И прежде чем я успел попросить у нее объяснений, она добавила, явно цитируя:

— Писатель должен уступить Богу авторские права.

Я промолчал. Это моя фраза. «Принцесса песков», вторая глава. Или третья. Перемещаясь влево, в соседнюю очередь — вдруг она пойдет быстрее — Карин спросила:

— А что, Нантакет, на самом деле существует?

— Да.

— Вы там бывали?

— Только мысленно.

Какая-то компания сзади, стремясь выиграть несколько сантиметров, притиснула меня к спине Карин. Она отстранилась, посмотрела на меня печально:

— Не надо нам было встречаться, да?

Перед нами шестеро пацанов в кепках забрали поднос с одиноким пакетом картошки-фри и отошли.

— Зачем вы это говорите… сейчас?

— Два Биг-Мака с собой, пожалуйста. А вам?

— То же самое.

— Тогда четыре. Я угощаю.

Ее кошелек — маленький плюшевый панда с молнией на спинке. Мы вышли с полным пакетом, и она тут же, на улице набросилась на свой Биг-Мак.

— Не обращайте внимания, — пояснила она, переходя улицу. — Мой организм сжигает массу энергии. Если я не буду его подкармливать, долго не протяну.

Краем глаза она наблюдает, как я жую. Плохо, что это почти не смущает меня. Я не знаю, что ей не нравится во мне и что мне так нравится в ней, — зрелость, ребячливые выходки или ее тело, я не понимаю, куда мы идем, но, как ни странно, мне кажется, именно это нас сближает.

— Вы половину уронили, — укоряет она, кивая на падающие из моего сандвича корнишоны и листья салата.

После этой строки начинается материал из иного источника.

fun lossy_run ::
  "('q \<times> 'm action \<times> 'q) set \<Rightarrow> 'v set \<Rightarrow> ('v \<times> 'v) set \<Rightarrow>
   ('v \<Rightarrow> 'q) \<Rightarrow> ('v, 'm, 'q) step list \<Rightarrow> ('v \<Rightarrow> 'q) \<Rightarrow> bool" where
  "lossy_run Delta V E L [] L' \<longleftrightarrow> L' = L"
| "lossy_run Delta V E L ((v, m, b, L1) # rest) L' \<longleftrightarrow>
     lossy_step Delta V E L v m b L1 \<and> lossy_run Delta V E L1 rest L'"

definition lossy_execution ::
  "'q set \<Rightarrow> ('q \<times> 'm action \<times> 'q) set \<Rightarrow> 'v set \<Rightarrow> ('v \<times> 'v) set \<Rightarrow>
   ('v \<Rightarrow> 'q) \<Rightarrow> ('v, 'm, 'q) step list \<Rightarrow> ('v \<Rightarrow> 'q) \<Rightarrow> bool" where
  "lossy_execution I Delta V E L0 steps L \<longleftrightarrow>
     graph V E \<and> L0 ` V \<subseteq> I \<and> lossy_run Delta V E L0 steps L"

definition num_broadcasts :: "('v, 'm, 'q) step list \<Rightarrow> 'v \<Rightarrow> nat" where
  "num_broadcasts steps v = length (filter (\<lambda>s. fst s = v) steps)"

definition num_successful :: "('v, 'm, 'q) step list \<Rightarrow> 'v \<Rightarrow> nat" where
  "num_successful steps v = length (filter (\<lambda>s. fst s = v \<and> fst (snd (snd s))) steps)"

definition rule1_applicable :: "('q \<times> 'm action \<times> 'q) set \<Rightarrow> 'q set \<Rightarrow> bool" where
  "rule1_applicable Delta S \<longleftrightarrow> (\<exists>q1 m q2. (q1, Bcast m, q2) \<in> Delta \<and> q1 \<in> S \<and> q2 \<notin> S)"

definition rule2_applicable :: "('q \<times> 'm action \<times> 'q) set \<Rightarrow> 'q set \<Rightarrow> bool" where
  "rule2_applicable Delta S \<longleftrightarrow> (\<exists>q1 m q2 q1' q2'. (q1, Bcast m, q2) \<in> Delta \<and>
      (q1', Recv m, q2') \<in> Delta \<and> q1 \<in> S \<and> q2 \<in> S \<and> q1' \<in> S \<and> q2' \<notin> S)"

definition sat_step ::
  "('q \<times> 'm action \<times> 'q) set \<Rightarrow> 'q set \<Rightarrow> nat \<Rightarrow> 'q set \<Rightarrow> nat \<Rightarrow> bool" where
  "sat_step Delta S c S' c' \<longleftrightarrow>
     (\<exists>q1 m q2. (q1, Bcast m, q2) \<in> Delta \<and> q1 \<in> S \<and> q2 \<notin> S \<and>
                S' = insert q2 S \<and> c' = c + 1)
   \<or> (\<not> rule1_applicable Delta S \<and>
      (\<exists>q1 m q2 q1' q2'. (q1, Bcast m, q2) \<in> Delta \<and> (q1', Recv m, q2') \<in> Delta \<and>
          q1 \<in> S \<and> q2 \<in> S \<and> q1' \<in> S \<and> q2' \<notin> S \<and>
          S' = insert q2' S \<and> c' = c + 2))"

— Оставляю следы, как Мальчик-с-пальчик. Я совсем не знаю Курбевуа.

— Откуда такая фамилия — Глен?

Будь благословен Биг-Мак, который дает мне возможность подумать с набитым ртом и помедлить с ответом, просто нахмурив брови. Откуда же я родом? Тут нужна местность, не знакомая ни ей, ни мне, отдаленная, но достаточно известная, чтобы не возбуждать ненужного любопытства. Глен… Острова Гленан. Улыбаясь, проглатываю кусок.

— Она бретонская.

— Откуда именно?

Решительно, с гордостью бывалого моряка увиливаю от ответа:

— Из самого сердца Бретани.

— Морбиан!

Не отрицаю. Если нам предстоят и другие встречи, надо будет подсобрать информацию. Теперь ей интересно, там ли жила моя бабушка. А я доедаю булку: котлета закончилась еще метров двадцать назад. Пока я отмалчиваюсь, стараюсь увильнуть от ответа. Она на меня не смотрит, она ищет мусорный бак. План «Вижипират» снова в силе, и с улиц убрали все урны на случай, если террористам придет в голову заложить туда бомбу. Остались только железные кольца на фонарных столбах, под которыми скапливаются кучи мусора. Видимо, разгневанная столь антисанитарной мерой безопасности, Карин забыла про свой вопрос. Я было направился к такой куче, чтобы водрузить на нее остатки трапезы, но она решительно схватила меня за руку. Пришлось нести мусор с собой через Сену.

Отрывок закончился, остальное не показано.